Amazon's stock is hot, reaching a 52-week high briefly after the company reported strong earnings and profits in the second quarter Tuesday after the market close. Now, investors want to know: How high can Amazon's stock go?

Higher, say many analysts.

Amazon is trading at 100 times trailing earnings, a big premium to the S&P 500, but William Blair labels Amazon with an Outperform rating, believing the company's stock is a "must own" for long-term investors. The firm sees Amazon's market dominance, its diversified offering assortment, and competitive pricing as growth strongholds for the e-retailer.

The e-commerce giant earned 41 cents a share on revenue of $9.91 billion. Analysts were expecting Amazon to report a second-quarter profit of 35 cents a share, compared with 45 cents in the year-ago quarter. Revenue was estimated to increase to $9.4 billion from $6.5 billion a year ago. 

William Blair noted in a July 21 report titled "More Retailers Struggling to Navigate Amazon's Surging Current" that Amazon's prices on 1,000 identical items is greater than 10 percent when compared to a cross-section of U.S. retailers.

The firm notes that consumers are now increasingly using smartphones and other mobile devices to price-shop, illuminating Amazon's advantage -- noting that advantage will only grow in the future because of advancing technology and Amazon's competitive pricing across the board.

Citi sees Amazon as a buy target despite the company's high-flying stock. According to the Wall Street Journal, Citi gives these reasons for a buy recommendation on Amazon:

1) Amazon's investments are from a market-share-vacuuming position of strength;

2) Amazon faces a significant double-double market opportunity in its core retail business;

3) Amazon benefits from mobile technology but is unaffected by the rise of social networking;

4) Amazon's management team has a proven track record of succeeding through investment cycles.

In other words, as Amazon ups its investment this year into new products and technologies, including the roll out of a new Kindle e-reader later this year and the expected roll out of a tablet that runs on Google's Android operating system to compete with Apple's iPad, the company's earnings are not expected to take the kind of hit that frequently occurs in such cycles.

The reason Amazon is able to heavily invest in a cycle but maintain growth in profits, says Morgan Stanley, is that the company is dominating market share of the retail "pie" in a way "we have never previously experienced."

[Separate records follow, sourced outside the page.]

(* There exist absolute constants $c, C > 0$, an infinite set $S$ of positive integers, and for each $n \in S$ a union-closed family $\mathcal{F}_n \subset \mathcal{P}([n])$ with $\mathcal{F}_n \neq \emptyset$, $\mathcal{F}_n \neq \{\emptyset\}$ and $|\mathcal{F}_n| \to \infty$ as $n \to \infty$ in $S$, such that for every $n \in S$, $$c\,\frac{\log_2 \log_2 |\mathcal{F}_n|}{\log_2 |\mathcal{F}_n|} \;\leq\; \mathrm{AOD}(\mathcal{F}_n) \;\leq\; C\,\frac{\log_2 \log_2 |\mathcal{F}_n|}{\log_2 |\mathcal{F}_n|}.$$
   Context: $[n] = \{1,2,\ldots,n\}$. A family $\mathcal{F}$ of subsets of a set $X$ is union-closed if $A \cup B \in \mathcal{F}$ whenever $A, B \in \mathcal{F}$. For a finite nonempty family $\mathcal{F} \subset \mathcal{P}(X)$ and $x \in X$, the abundance of $x$ is $\gamma_x = |\{A \in \mathcal{F} : x \in A\}|/|\mathcal{F}|$. For $\mathcal{F} \neq \emptyset, \{\emptyset\}$, the average overlap density is $$\mathrm{AOD}(\mathcal{F}) = \frac{1}{|\mathcal{F}\setminus\{\emptyset\}|}\sum_{A \in \mathcal{F}\setminus\{\emptyset\}} \frac{1}{|A|}\sum_{x \in A} \gamma_x = \mathbb{E}_{A \in \mathcal{F}\setminus\{\emptyset\}}\,\mathbb{E}_{B \in \mathcal{F}}\left[\frac{|A\cap B|}{|A|}\right],$$ with $A$ and $B$ uniform. *)

theory Defs
  imports "HOL-Analysis.Analysis"
begin

definition union_closed :: "'a set set \<Rightarrow> bool" where
  "union_closed F \<longleftrightarrow> (\<forall>A\<in>F. \<forall>B\<in>F. A \<union> B \<in> F)"

definition abundance :: "'a set set \<Rightarrow> 'a \<Rightarrow> real" where
  "abundance F x = real (card {A\<in>F. x \<in> A}) / real (card F)"

definition AOD :: "'a set set \<Rightarrow> real" where
  "AOD F = (1 / real (card (F - {{}}))) *
     (\<Sum>A\<in>F - {{}}. (1 / real (card A)) * (\<Sum>x\<in>A. abundance F x))"

end

theory Submission
  imports Defs
begin

text \<open>Split [k B] into k blocks of length B = k^(2k) - 1. A member of the family is given by a
  height vector h in {0..k}^k and contains the initial segment of length k^(2 h i) - 1 of block i.
  Unions correspond to pointwise maxima of heights, so the family is union-closed, and it has
  N = (k + 1)^k members. A point of block i above level j - 1 lies exactly in the members with
  h i >= j, a fraction (k + 1 - j)/(k + 1). Since consecutive segment lengths grow by the factor
  k^2, all but a fraction 1/k of a member lies at its maximal height M, so its overlap density
  is (k + 1 - M)/(k + 1) + O(1/k), and at least 1/(k + 1). Averaging over h, whose maximum is
  close to k for most h, gives AOD = Theta(1/k), while log log N / log N = Theta(1/k).\<close>

definition overlap_density :: "'a set set \<Rightarrow> 'a set \<Rightarrow> real" where
  "overlap_density F A = (1 / real (card A)) * (\<Sum>x\<in>A. abundance F x)"

lemma AOD_eq_average_overlap_density:
  "AOD F = (1 / real (card (F - {{}}))) * (\<Sum>A\<in>F - {{}}. overlap_density F A)"
  unfolding AOD_def overlap_density_def ..

lemma average_ge:
  fixes g :: "'a \<Rightarrow> real"
  assumes "finite X" "X \<noteq> {}" "\<And>x. x \<in> X \<Longrightarrow> c \<le> g x"
  shows "c \<le> (1 / real (card X)) * (\<Sum>x\<in>X. g x)"
proof -
  have "real (card X) * c \<le> (\<Sum>x\<in>X. g x)"
    using sum_mono[of X "\<lambda>_. c" g] assms(3) by simp
  moreover have "real (card X) > 0" using assms(1,2) by (simp add: card_gt_0_iff)
  ultimately show ?thesis by (simp add: field_simps)
qed

lemma abundance_le_one:
  assumes "finite F"
  shows "abundance F x \<le> 1"
proof -
  have "card {A\<in>F. x \<in> A} \<le> card F" using assms by (intro card_mono) auto
  then show ?thesis unfolding abundance_def by (auto simp: divide_le_eq_1)
qed

lemma divide_le_divide_of_mult_le:
  fixes a b c d :: real
  assumes "0 < b" "0 < d" "a * d \<le> c * b"
  shows "a / b \<le> c / d"
  using assms by (simp add: field_simps)

lemma abundance_image:
  assumes "inj_on \<Phi> D"
  shows "abundance (\<Phi> ` D) x = real (card {f\<in>D. x \<in> \<Phi> f}) / real (card D)"
proof -
  have "{A \<in> \<Phi> ` D. x \<in> A} = \<Phi> ` {f\<in>D. x \<in> \<Phi> f}" by auto
  moreover have "inj_on \<Phi> {f\<in>D. x \<in> \<Phi> f}" using assms by (rule inj_on_subset) auto
  ultimately show ?thesis unfolding abundance_def by (simp add: card_image assms)
qed

lemma AOD_image:
  assumes "inj_on \<Phi> D"
  shows "AOD (\<Phi> ` D) = (1 / real (card {f\<in>D. \<Phi> f \<noteq> {}})) *
           (\<Sum>f\<in>{f\<in>D. \<Phi> f \<noteq> {}}. overlap_density (\<Phi> ` D) (\<Phi> f))"
proof -
  have "\<Phi> ` D - {{}} = \<Phi> ` {f\<in>D. \<Phi> f \<noteq> {}}" by auto
  moreover have inj: "inj_on \<Phi> {f\<in>D. \<Phi> f \<noteq> {}}" using assms by (rule inj_on_subset) auto
  ultimately show ?thesis
    unfolding AOD_eq_average_overlap_density by (simp add: card_image sum.reindex)
qed

lemma overlap_density_le:
  assumes F: "finite F" and A: "finite A" "A \<noteq> {}" and \<alpha>: "0 \<le> \<alpha>"
    and outside: "\<And>x. x \<in> A - R \<Longrightarrow> abundance F x \<le> \<alpha>"
  shows "overlap_density F A \<le> \<alpha> + real (card (A \<inter> R)) / real (card A)"
proof -
  have "(\<Sum>x\<in>A - R. abundance F x) \<le> real (card (A - R)) * \<alpha>"
    using sum_mono[of "A - R" "abundance F" "\<lambda>_. \<alpha>"] outside by simp
  also have "\<dots> \<le> real (card A) * \<alpha>"
    using A \<alpha> by (intro mult_right_mono) (simp_all add: card_mono)
  finally have outer: "(\<Sum>x\<in>A - R. abundance F x) \<le> real (card A) * \<alpha>" .
  have inner: "(\<Sum>x\<in>A \<inter> R. abundance F x) \<le> real (card (A \<inter> R))"
    using sum_mono[of "A \<inter> R" "abundance F" "\<lambda>_. 1"] abundance_le_one[OF F] by simp
  have "(\<Sum>x\<in>A. abundance F x) \<le> real (card A) * \<alpha> + real (card (A \<inter> R))"
    using outer inner sum.Int_Diff[OF A(1), of "abundance F" R] by linarith
  moreover have "real (card A) > 0" using A by (simp add: card_gt_0_iff)
  ultimately show ?thesis unfolding overlap_density_def by (simp add: field_simps)
qed

lemma power_add_le_Suc_power:
  fixes n k :: nat
  shows "n ^ (k + 1) + (k + 1) * n ^ k \<le> (n + 1) ^ (k + 1)"
proof (induction k)
  case 0
  then show ?case by simp
next
  case (Suc k)
  have "n ^ (Suc k + 1) + (Suc k + 1) * n ^ Suc k
        \<le> (n + 1) * (n ^ (k + 1) + (k + 1) * n ^ k)"
    by (simp add: algebra_simps)
  also have "\<dots> \<le> (n + 1) * (n + 1) ^ (k + 1)" using Suc.IH by (rule mult_le_mono2)
  finally show ?case by simp
qed

lemma sum_Suc_power_le:
  fixes n k :: nat
  shows "(k + 1) * (\<Sum>s<n. (s + 1) ^ k) \<le> n ^ (k + 1) + (k + 1) * n ^ k"
proof (induction n)
  case 0
  then show ?case by simp
next
  case (Suc n)
  have "(k + 1) * (\<Sum>s<Suc n. (s + 1) ^ k) = (k + 1) * (\<Sum>s<n. (s + 1) ^ k) + (k + 1) * (n + 1) ^ k"
    by (simp add: algebra_simps)
  also have "\<dots> \<le> (n + 1) ^ (k + 1) + (k + 1) * (n + 1) ^ k"
    using Suc.IH power_add_le_Suc_power[of n k] by simp
  finally show ?case by simp
qed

"Amazon is the Wal-Mart of our era but it's better, in our view -- Amazon.com is the combination of technology + logistics company, allowing it to participate in a transition of physical to digital retail supported by store-less (in Seattle) business model that leads to higher long-term economic returns," says Morgan Stanley, according to the Wall Street Journal.

Morgan Stanley has an overweight rating on Amazon.